When one rides by, everybody wheels aroundWe can all remember learning how to ride a bicycle. We shook the handlebars violently as the bike wobbled left to right.
Our fathers lied, "Don't worry, just go ahead and I'll be here to catch you.... Just look ahead and keep pedaling." Eventually, after a fall or three, we got the hang of it, and balancing on the bike became second nature. And the cuts and scrapes healed.
If you think learning to ride a bike was hard, imagine learning to ride a unicycle. Plenty of brave souls show up every Sunday at the Seoul Olympic Park near the park's World Peace Gate to do just that. They are members of the Korean Unicycle Club, which was formed last July.
Usually about 10 people show up for the weekly meetings and start pedaling around atop a solitary wheel with nothing else to support them. They use their arms to maintain their balance. Curious passers-by stop and marvel at them.
The unicyclists go around in tight circles and hop up and down on their steeds. When you watch them you think they're going to crash at any moment; but somehow they stay up and keep pedaling away.
A middle school student, Park Jeu, who joined the club a month ago, was asked why he took to the unicycle. He had been practicing moving quickly back and forth in a tight line. "What attracts me about unicycling is that it's something new and not many people do it," he said. "I also like it when we get an audience; people crowd around us to look. The only thing that bothers me is when I hear people asking if we work for a circus; that really puts me off. I do this as a hobby."
Rollerbladers in the park always slow down to watch the unicyclists, looking at them in amazement.
An 18-year-old high school student, Hong Hae-mi, has been a member of the club for more than six months. "The thing I like most about this sport is that you and the equipment become one."

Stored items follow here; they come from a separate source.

(* Consider the distributed quantized weight-balancing algorithm described in the context on a strongly connected digraph, with step-size $\gamma(k)=2^{-n}$ for $2^n-1\le k\le 2^{n+1}-2$. Then the sequence of weight matrices $\{\mathbf{A}(k)\}_{k\in\mathbb{Z}_+}$, $\mathbf{A}(k)=(a_{ij}(k))$, is bounded.
   Context: $\mathcal{G}=(\mathcal{V},\mathcal{E})$, $\mathcal{V}=\{1,\dots,N\}$, no self-loops, strongly connected; $\mathcal{N}_i^-=\{j:(j,i)\in\mathcal{E}\}$, $\mathcal{N}_i^+=\{j:(i,j)\in\mathcal{E}\}$, $d_i^+=|\mathcal{N}_i^+|$. Algorithm: $a_{ij}(0)=1$ if $j\in\mathcal{N}_i^-$ and $0$ otherwise; $b_i(k)=\sum_{j\in\mathcal{N}_i^-}a_{ij}(k)-\sum_{j\in\mathcal{N}_i^+}a_{ji}(k)$; $n_i(k)=1$ if $b_i(k)\ge d_i^+\gamma(k)$, else $0$; $a_{ij}(k+1)=a_{ij}(k)+n_j(k)\gamma(k)$ for $j\in\mathcal{N}_i^-$ (other entries remain $0$). *)

theory Defs
  imports Complex_Main
begin

definition gamma :: "nat \<Rightarrow> real" where
  "gamma k = 1 / 2 ^ (THE n::nat. 2 ^ n - 1 \<le> k \<and> k \<le> 2 ^ (n + 1) - 2)"

text \<open>In- and out-neighbourhoods; an edge (j,i) goes from j to i.\<close>
definition in_nbrs :: "('v \<times> 'v) set \<Rightarrow> 'v \<Rightarrow> 'v set" where
  "in_nbrs E i = {j. (j, i) \<in> E}"
definition out_nbrs :: "('v \<times> 'v) set \<Rightarrow> 'v \<Rightarrow> 'v set" where
  "out_nbrs E i = {j. (i, j) \<in> E}"
definition out_deg :: "('v \<times> 'v) set \<Rightarrow> 'v \<Rightarrow> nat" where
  "out_deg E i = card (out_nbrs E i)"

definition imbalance :: "('v \<times> 'v) set \<Rightarrow> ('v \<Rightarrow> 'v \<Rightarrow> real) \<Rightarrow> 'v \<Rightarrow> real" where
  "imbalance E A i = (\<Sum>j\<in>in_nbrs E i. A i j) - (\<Sum>j\<in>out_nbrs E i. A j i)"

definition nflag :: "('v \<times> 'v) set \<Rightarrow> ('v \<Rightarrow> 'v \<Rightarrow> real) \<Rightarrow> nat \<Rightarrow> 'v \<Rightarrow> real" where
  "nflag E A k i = (if imbalance E A i \<ge> real (out_deg E i) * gamma k then 1 else 0)"

primrec wb :: "('v \<times> 'v) set \<Rightarrow> nat \<Rightarrow> 'v \<Rightarrow> 'v \<Rightarrow> real" where
  "wb E 0 = (\<lambda>i j. if j \<in> in_nbrs E i then 1 else 0)"
| "wb E (Suc k) = (\<lambda>i j. if j \<in> in_nbrs E i
      then wb E k i j + nflag E (wb E k) k j * gamma k else 0)"

end

theory Submission
  imports Defs
begin

text \<open>
  All out-edges of a node j carry the same weight x_j, which starts at 1 and only grows.
  The imbalances always sum to zero, and a node that has ever increased its weight keeps a
  nonnegative imbalance afterwards: it only fires when its imbalance is at least
  d_j^+ \<gamma>(k), which is exactly what firing costs it. Hence every imbalance is bounded below
  by -d_j^+ and therefore above by D = \<Sum>_j d_j^+, and along an edge (j,i) this gives
  x_j \<le> b_i + d_i^+ x_i \<le> (N + D) x_i with N the number of nodes. As long as some node
  still has weight 1, strong connectivity thus bounds all weights by (N + D)^|E|. Once every
  weight exceeds 1, all imbalances are nonnegative with sum zero, hence zero, and no node
  fires any more.
\<close>

lemma gamma_pos: "0 < gamma k"
  unfolding gamma_def by simp

lemma gamma_le_1: "gamma k \<le> 1"
  unfolding gamma_def by simp

primrec out_weight :: "('v \<times> 'v) set \<Rightarrow> nat \<Rightarrow> 'v \<Rightarrow> real" where
  "out_weight E 0 j = 1"
| "out_weight E (Suc k) j = out_weight E k j + nflag E (wb E k) k j * gamma k"

lemma wb_eq_out_weight: "wb E k i j = (if (j, i) \<in> E then out_weight E k j else 0)"
  by (induction k) (auto simp: in_nbrs_def)

lemma nflag_gamma_nonneg: "0 \<le> nflag E A k j * gamma k"
  using gamma_pos[of k] by (simp add: nflag_def)

lemma nflag_gamma_le_1: "nflag E A k j * gamma k \<le> 1"
  using gamma_le_1[of k] by (simp add: nflag_def)

lemma out_weight_ge_1: "1 \<le> out_weight E k j"
  by (induction k) (simp_all add: add_increasing2 nflag_gamma_nonneg)

lemma sum_imbalance_eq_0:
  fixes E :: "('v::finite \<times> 'v) set"
  shows "(\<Sum>i\<in>UNIV. imbalance E A i) = 0"
proof -
  have "(\<Sum>i\<in>UNIV. \<Sum>j\<in>in_nbrs E i. A i j) = (\<Sum>(i, j)\<in>converse E. A i j)"
    by (subst sum.Sigma) (auto simp: in_nbrs_def intro: sum.cong)
  also have "\<dots> = (\<Sum>(j, i)\<in>E. A i j)"
  proof -
    have "converse E = prod.swap ` E" by auto
    then show ?thesis by (simp add: sum.reindex case_prod_unfold)
  qed
  also have "\<dots> = (\<Sum>i\<in>UNIV. \<Sum>j\<in>out_nbrs E i. A j i)"
    by (subst sum.Sigma) (auto simp: out_nbrs_def intro: sum.cong)
  finally show ?thesis
    by (simp add: imbalance_def sum_subtractf)
qed

lemma imbalance_wb:
  fixes E :: "('v::finite \<times> 'v) set"
  shows "imbalance E (wb E k) i
    = (\<Sum>j\<in>in_nbrs E i. out_weight E k j) - real (out_deg E i) * out_weight E k i"
proof -
  have "(\<Sum>j\<in>in_nbrs E i. wb E k i j) = (\<Sum>j\<in>in_nbrs E i. out_weight E k j)"
    by (rule sum.cong) (auto simp: wb_eq_out_weight in_nbrs_def)
  moreover have "(\<Sum>j\<in>out_nbrs E i. wb E k j i) = (\<Sum>j\<in>out_nbrs E i. out_weight E k i)"
    by (rule sum.cong) (auto simp: wb_eq_out_weight out_nbrs_def)
  ultimately show ?thesis
    by (simp add: imbalance_def out_deg_def)
qed

lemma imbalance_wb_Suc:
  fixes E :: "('v::finite \<times> 'v) set"
  shows "imbalance E (wb E (Suc k)) i = imbalance E (wb E k) i
     + (\<Sum>j\<in>in_nbrs E i. nflag E (wb E k) k j * gamma k)
     - real (out_deg E i) * (nflag E (wb E k) k i * gamma k)"
  unfolding imbalance_wb out_weight.simps sum.distrib by (simp add: algebra_simps)

lemma imbalance_nonneg_if_raised:
  fixes E :: "('v::finite \<times> 'v) set"
  assumes "1 < out_weight E k i"
  shows "0 \<le> imbalance E (wb E k) i"
  using assms
proof (induction k)
  case 0
  then show ?case by simp
next
  case (Suc k)
  have incoming: "0 \<le> (\<Sum>j\<in>in_nbrs E i. nflag E (wb E k) k j * gamma k)"
    by (simp add: sum_nonneg nflag_gamma_nonneg)
  show ?case
  proof (cases "real (out_deg E i) * gamma k \<le> imbalance E (wb E k) i")
    case True
    then show ?thesis
      using incoming unfolding imbalance_wb_Suc by (simp add: nflag_def)
  next
    case False
    then have "nflag E (wb E k) k i = 0"
      by (simp add: nflag_def)
    then show ?thesis
      using Suc incoming unfolding imbalance_wb_Suc by simp
  qed
qed

lemma imbalance_ge_neg_out_deg:
  fixes E :: "('v::finite \<times> 'v) set"
  shows "- real (out_deg E i) \<le> imbalance E (wb E k) i"
proof (cases "out_weight E k i = 1")
  case True
  have "0 \<le> (\<Sum>j\<in>in_nbrs E i. out_weight E k j)"
    by (intro sum_nonneg order_trans[OF zero_le_one out_weight_ge_1])
  with True show ?thesis
    by (simp add: imbalance_wb)
next
  case False
  then have "1 < out_weight E k i"
    using out_weight_ge_1[of E k i] by simp
  then show ?thesis
    using imbalance_nonneg_if_raised[of E k i] by simp
qed

lemma imbalance_le_sum_out_deg:
  fixes E :: "('v::finite \<times> 'v) set"
  shows "imbalance E (wb E k) i \<le> (\<Sum>j\<in>UNIV. real (out_deg E j))"
proof -
  have "imbalance E (wb E k) i = - (\<Sum>j\<in>UNIV - {i}. imbalance E (wb E k) j)"
    using sum_imbalance_eq_0[of E "wb E k"] sum.remove[of UNIV i "imbalance E (wb E k)"]
    by simp
  also have "\<dots> \<le> (\<Sum>j\<in>UNIV - {i}. real (out_deg E j))"
    using sum_mono[of "UNIV - {i}" "\<lambda>j. - real (out_deg E j)" "imbalance E (wb E k)"]
    by (simp add: imbalance_ge_neg_out_deg sum_negf)
  also have "\<dots> \<le> (\<Sum>j\<in>UNIV. real (out_deg E j))"
    by (rule sum_mono2) auto
  finally show ?thesis .
qed

definition edge_ratio :: "('v::finite \<times> 'v) set \<Rightarrow> real" where
  "edge_ratio E = real (card (UNIV :: 'v set)) + (\<Sum>j\<in>UNIV. real (out_deg E j))"

lemma edge_ratio_ge_1:
  fixes E :: "('v::finite \<times> 'v) set"
  shows "1 \<le> edge_ratio E"
proof -
  have "1 \<le> real (card (UNIV :: 'v set))"
    by (simp add: Suc_le_eq card_gt_0_iff)
  then show ?thesis
    unfolding edge_ratio_def by (simp add: add_increasing2 sum_nonneg)
qed

lemma out_weight_edge_le:
  fixes E :: "('v::finite \<times> 'v) set"
  assumes "(j, i) \<in> E"
  shows "out_weight E k j \<le> edge_ratio E * out_weight E k i"
proof -
  let ?x = "out_weight E k" and ?D = "\<Sum>j\<in>UNIV. real (out_deg E j)"
  have x_nonneg: "0 \<le> ?x v" for v
    using out_weight_ge_1[of E k v] by simp
  have "?x j \<le> (\<Sum>j\<in>in_nbrs E i. ?x j)"
    using assms x_nonneg by (intro member_le_sum) (auto simp: in_nbrs_def)
  also have "\<dots> = imbalance E (wb E k) i + real (out_deg E i) * ?x i"
    by (simp add: imbalance_wb)
  also have "\<dots> \<le> ?D * ?x i + real (card (UNIV :: 'v set)) * ?x i"
  proof (rule add_mono)
    have "?D \<le> ?D * ?x i"
      using mult_left_mono[OF out_weight_ge_1[of E k i], of ?D] by (simp add: sum_nonneg)
    then show "imbalance E (wb E k) i \<le> ?D * ?x i"
      using imbalance_le_sum_out_deg[of E k i] by linarith
    have "out_deg E i \<le> card (UNIV :: 'v set)"
      unfolding out_deg_def by (rule card_mono) auto
    then show "real (out_deg E i) * ?x i \<le> real (card (UNIV :: 'v set)) * ?x i"
      using x_nonneg by (intro mult_right_mono) auto
  qed
  also have "\<dots> = edge_ratio E * ?x i"
    by (simp add: edge_ratio_def distrib_right)
  finally show ?thesis .
qed

lemma out_weight_relpow_le:
  fixes E :: "('v::finite \<times> 'v) set"
  assumes "(j, i) \<in> E ^^ n"
  shows "out_weight E k j \<le> edge_ratio E ^ n * out_weight E k i"
  using assms
proof (induction n arbitrary: i)
  case 0
  then show ?case by simp
next
  case (Suc n)
  then obtain m where path: "(j, m) \<in> E ^^ n" and edge: "(m, i) \<in> E"
    by auto
  have "out_weight E k j \<le> edge_ratio E ^ n * out_weight E k m"
    using Suc.IH[OF path] .
  also have "\<dots> \<le> edge_ratio E ^ n * (edge_ratio E * out_weight E k i)"
    using out_weight_edge_le[OF edge] edge_ratio_ge_1[of E]
    by (intro mult_left_mono) auto
  finally show ?case
    by (simp add: algebra_simps)
qed

lemma out_weight_le_if_some_unraised:
  fixes E :: "('v::finite \<times> 'v) set"
  assumes strongly_connected: "\<forall>u v. (u, v) \<in> E\<^sup>*"
    and "out_weight E k i = 1"
  shows "out_weight E k j \<le> edge_ratio E ^ card E"
proof -
  have "(j, i) \<in> E\<^sup>*"
    using strongly_connected by blast
  then obtain n where "n \<le> card E" and path: "(j, i) \<in> E ^^ n"
    by (auto simp: rtrancl_finite_eq_relpow)
  then have "edge_ratio E ^ n \<le> edge_ratio E ^ card E"
    by (intro power_increasing edge_ratio_ge_1)
  then show ?thesis
    using out_weight_relpow_le[OF path, of k] assms(2) by simp
qed

lemma nflag_eq_0_if_all_raised:
  fixes E :: "('v::finite \<times> 'v) set"
  assumes out_deg_pos: "\<forall>v. 0 < out_deg E v"
    and raised: "\<forall>v. 1 < out_weight E k v"
  shows "nflag E (wb E k) k i = 0"
proof -
  have "\<forall>v\<in>UNIV. 0 \<le> imbalance E (wb E k) v"
    using raised imbalance_nonneg_if_raised by blast
  then have "imbalance E (wb E k) i = 0"
    using sum_imbalance_eq_0[of E "wb E k"] by (simp add: sum_nonneg_eq_0_iff)
  moreover have "0 < real (out_deg E i) * gamma k"
    using out_deg_pos gamma_pos[of k] by simp
  ultimately show ?thesis
    by (simp add: nflag_def)
qed

lemma out_deg_pos:
  fixes E :: "('v::finite \<times> 'v) set"
  assumes no_loops: "\<forall>v. (v, v) \<notin> E"
    and strongly_connected: "\<forall>u v. (u, v) \<in> E\<^sup>*"
    and "E \<noteq> {}"
  shows "0 < out_deg E i"
proof -
  obtain a b where "(a, b) \<in> E"
    using \<open>E \<noteq> {}\<close> by auto
  with no_loops have "a \<noteq> i \<or> b \<noteq> i"
    by auto
  then obtain v where "v \<noteq> i"
    by blast
  moreover have "(i, v) \<in> E\<^sup>*"
    using strongly_connected by blast
  ultimately obtain w where "(i, w) \<in> E"
    by (metis converse_rtranclE)
  then show ?thesis
    unfolding out_deg_def out_nbrs_def by (auto simp: card_gt_0_iff)
qed

lemma out_weight_bounded:
  fixes E :: "('v::finite \<times> 'v) set"
  assumes out_deg_pos: "\<forall>v. 0 < out_deg E v"
    and strongly_connected: "\<forall>u v. (u, v) \<in> E\<^sup>*"
  shows "out_weight E k j \<le> edge_ratio E ^ card E + 1"
proof (induction k arbitrary: j)
  case 0
  have "0 \<le> edge_ratio E ^ card E"
    using edge_ratio_ge_1[of E] by simp
  then show ?case by simp
next
  case (Suc k)
  show ?case
  proof (cases "\<exists>i. out_weight E k i = 1")
    case True
    then have "out_weight E k j \<le> edge_ratio E ^ card E"
      using out_weight_le_if_some_unraised[OF strongly_connected] by blast
    then show ?thesis
      using nflag_gamma_le_1[of E "wb E k" k j] by simp
  next
    case False
    then have "\<forall>v. 1 < out_weight E k v"
      using out_weight_ge_1[of E k] by (metis order.not_eq_order_implies_strict)
    then show ?thesis
      using Suc.IH nflag_eq_0_if_all_raised[OF out_deg_pos] by simp
  qed
qed

theorem lemma4:
  fixes E :: "('v::finite \<times> 'v) set"
  assumes no_loops: "\<forall>v. (v, v) \<notin> E"
    and strongly_connected: "\<forall>u v. (u, v) \<in> E\<^sup>*"
  shows "\<exists>M. \<forall>k i j. \<bar>wb E k i j\<bar> \<le> M"
proof (cases "E = {}")
  case True
  then show ?thesis
    by (intro exI[of _ 0]) (simp add: wb_eq_out_weight)
next
  case False
  then have "\<forall>v. 0 < out_deg E v"
    using out_deg_pos[OF no_loops strongly_connected] by blast
  then have "\<bar>wb E k i j\<bar> \<le> edge_ratio E ^ card E + 1" for k i j
    using out_weight_bounded[OF _ strongly_connected] out_weight_ge_1[of E k j]
      edge_ratio_ge_1[of E]
    by (simp add: wb_eq_out_weight)
  then show ?thesis
    by blast
qed

end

The unicycle is "truthful," she said. "When you pedal backward, the bike moves that way, and you can never stand completely still. And because there are no handlebars, I have to keep total control over my body, shifting my weight to make the bike move."
Unicycling advocates say it provides a better workout than bicycling and other sports because the pedaling is steady and the arms must be held up and the back kept straight.
In the club is a father-son team, Cheong Hyeon-do, 35, and his son Seong-ju, 9. "Every Sunday morning my son begs me to take him here to ride unicycles," Mr. Cheong said. "It's about the best pastime for a father and son to enjoy together."
Most of the 400 people who belong to the unicycle club that meets at Olympic Park are male; only about 10 percent are female. Beginners are welcome to come and learn by using the members' equipment. But it takes a long time to get the hang of this sport. And protective equipment is highly recommended.